__What you have to do__.
Write out, without any change, the lines in the material below that run from the line with "of g to it has" through the line with "at the first", both included.

━━━━━ Exercise data ━━━━━

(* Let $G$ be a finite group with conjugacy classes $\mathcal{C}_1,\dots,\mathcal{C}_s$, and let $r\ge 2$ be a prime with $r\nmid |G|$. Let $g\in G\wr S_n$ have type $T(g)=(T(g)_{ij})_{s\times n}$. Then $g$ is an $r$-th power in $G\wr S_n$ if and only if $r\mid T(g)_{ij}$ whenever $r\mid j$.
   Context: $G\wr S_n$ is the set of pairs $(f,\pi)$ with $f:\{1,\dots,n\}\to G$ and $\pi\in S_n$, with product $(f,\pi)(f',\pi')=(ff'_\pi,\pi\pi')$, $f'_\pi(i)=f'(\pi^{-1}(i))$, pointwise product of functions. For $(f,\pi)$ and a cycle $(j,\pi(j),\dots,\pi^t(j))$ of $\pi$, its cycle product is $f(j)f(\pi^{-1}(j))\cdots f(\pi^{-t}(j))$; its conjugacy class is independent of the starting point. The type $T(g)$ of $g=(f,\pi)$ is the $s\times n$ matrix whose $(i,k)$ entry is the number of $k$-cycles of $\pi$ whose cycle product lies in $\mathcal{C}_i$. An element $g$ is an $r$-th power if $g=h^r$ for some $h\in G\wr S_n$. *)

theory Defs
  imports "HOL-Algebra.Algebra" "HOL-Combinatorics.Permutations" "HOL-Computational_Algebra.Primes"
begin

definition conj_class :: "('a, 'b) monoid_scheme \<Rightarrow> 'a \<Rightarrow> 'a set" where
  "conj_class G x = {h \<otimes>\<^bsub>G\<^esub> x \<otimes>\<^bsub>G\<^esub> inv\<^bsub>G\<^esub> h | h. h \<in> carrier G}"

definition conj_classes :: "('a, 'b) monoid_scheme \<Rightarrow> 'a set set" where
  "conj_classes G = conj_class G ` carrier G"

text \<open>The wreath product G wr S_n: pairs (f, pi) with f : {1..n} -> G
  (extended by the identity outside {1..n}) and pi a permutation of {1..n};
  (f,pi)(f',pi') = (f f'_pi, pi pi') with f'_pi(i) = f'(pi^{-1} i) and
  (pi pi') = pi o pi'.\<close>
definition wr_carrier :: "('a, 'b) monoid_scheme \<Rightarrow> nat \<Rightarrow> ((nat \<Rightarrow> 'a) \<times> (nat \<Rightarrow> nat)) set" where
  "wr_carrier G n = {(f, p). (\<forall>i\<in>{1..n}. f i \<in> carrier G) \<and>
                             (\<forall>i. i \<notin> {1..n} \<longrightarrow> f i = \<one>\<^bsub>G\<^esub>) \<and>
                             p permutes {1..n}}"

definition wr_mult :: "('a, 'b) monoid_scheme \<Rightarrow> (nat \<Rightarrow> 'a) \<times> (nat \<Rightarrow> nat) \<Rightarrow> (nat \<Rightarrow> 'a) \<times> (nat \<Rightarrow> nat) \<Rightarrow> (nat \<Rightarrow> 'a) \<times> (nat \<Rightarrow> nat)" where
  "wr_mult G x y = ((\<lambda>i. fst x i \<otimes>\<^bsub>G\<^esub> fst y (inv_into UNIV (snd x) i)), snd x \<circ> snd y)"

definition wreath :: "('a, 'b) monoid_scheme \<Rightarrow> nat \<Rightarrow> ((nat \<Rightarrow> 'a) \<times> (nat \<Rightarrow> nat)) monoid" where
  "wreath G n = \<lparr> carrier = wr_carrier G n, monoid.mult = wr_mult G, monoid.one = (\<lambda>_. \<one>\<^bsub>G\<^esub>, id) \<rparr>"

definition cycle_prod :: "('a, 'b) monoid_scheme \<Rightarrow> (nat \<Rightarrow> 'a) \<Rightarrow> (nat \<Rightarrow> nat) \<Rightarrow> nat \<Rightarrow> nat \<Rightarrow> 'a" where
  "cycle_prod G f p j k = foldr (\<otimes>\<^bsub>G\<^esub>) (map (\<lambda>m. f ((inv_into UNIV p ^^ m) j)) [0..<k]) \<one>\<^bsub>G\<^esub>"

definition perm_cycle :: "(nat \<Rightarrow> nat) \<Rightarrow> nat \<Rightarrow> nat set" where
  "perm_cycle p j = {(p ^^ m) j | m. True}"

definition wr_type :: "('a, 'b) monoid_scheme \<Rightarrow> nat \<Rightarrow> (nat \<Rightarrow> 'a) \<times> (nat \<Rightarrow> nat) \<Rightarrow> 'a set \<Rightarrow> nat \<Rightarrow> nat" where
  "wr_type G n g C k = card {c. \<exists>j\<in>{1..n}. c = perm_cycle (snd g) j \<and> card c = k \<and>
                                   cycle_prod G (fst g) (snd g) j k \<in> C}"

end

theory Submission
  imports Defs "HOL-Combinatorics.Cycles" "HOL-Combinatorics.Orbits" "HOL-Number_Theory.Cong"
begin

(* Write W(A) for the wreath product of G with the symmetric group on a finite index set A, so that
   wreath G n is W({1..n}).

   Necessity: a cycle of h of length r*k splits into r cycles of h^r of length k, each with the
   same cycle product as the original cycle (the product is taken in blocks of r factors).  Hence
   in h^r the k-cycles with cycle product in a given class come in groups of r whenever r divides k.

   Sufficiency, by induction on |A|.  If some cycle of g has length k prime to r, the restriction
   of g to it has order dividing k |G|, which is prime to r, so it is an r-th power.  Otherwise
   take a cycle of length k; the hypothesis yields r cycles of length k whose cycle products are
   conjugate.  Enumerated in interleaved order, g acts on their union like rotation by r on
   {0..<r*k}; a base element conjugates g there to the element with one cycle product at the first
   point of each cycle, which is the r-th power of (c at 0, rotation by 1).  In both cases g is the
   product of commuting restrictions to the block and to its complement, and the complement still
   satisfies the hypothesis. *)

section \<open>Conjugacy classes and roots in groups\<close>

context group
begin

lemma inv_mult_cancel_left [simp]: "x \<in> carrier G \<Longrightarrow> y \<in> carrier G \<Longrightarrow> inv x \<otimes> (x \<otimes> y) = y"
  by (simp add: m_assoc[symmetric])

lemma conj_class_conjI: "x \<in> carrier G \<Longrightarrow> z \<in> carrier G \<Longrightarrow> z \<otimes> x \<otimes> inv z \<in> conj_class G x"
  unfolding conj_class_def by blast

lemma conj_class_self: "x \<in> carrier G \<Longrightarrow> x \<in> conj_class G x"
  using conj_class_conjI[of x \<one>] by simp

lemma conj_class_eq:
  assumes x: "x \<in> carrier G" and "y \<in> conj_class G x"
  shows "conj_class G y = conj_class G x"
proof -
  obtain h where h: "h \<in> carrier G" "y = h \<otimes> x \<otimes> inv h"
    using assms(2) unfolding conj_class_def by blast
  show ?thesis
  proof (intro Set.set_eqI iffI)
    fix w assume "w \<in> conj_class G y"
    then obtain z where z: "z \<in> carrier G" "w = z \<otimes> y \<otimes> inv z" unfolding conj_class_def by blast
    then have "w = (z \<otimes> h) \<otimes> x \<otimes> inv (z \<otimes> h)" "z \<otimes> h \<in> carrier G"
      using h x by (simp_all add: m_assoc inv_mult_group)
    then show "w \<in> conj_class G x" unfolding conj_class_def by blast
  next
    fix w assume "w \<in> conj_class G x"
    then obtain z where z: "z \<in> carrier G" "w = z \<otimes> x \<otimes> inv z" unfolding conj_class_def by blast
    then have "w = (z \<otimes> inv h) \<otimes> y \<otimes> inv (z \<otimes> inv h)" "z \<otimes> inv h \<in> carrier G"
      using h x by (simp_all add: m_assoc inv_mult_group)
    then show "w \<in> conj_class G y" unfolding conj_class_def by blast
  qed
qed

━━━━━

__Written solution__.
   of g to it has order dividing k |G|, which is prime to r, so it is an r-th power.  Otherwise
   take a cycle of length k; the hypothesis yields r cycles of length k whose cycle products are
   conjugate.  Enumerated in interleaved order, g acts on their union like rotation by r on
   {0..<r*k}; a base element conjugates g there to the element with one cycle product at the first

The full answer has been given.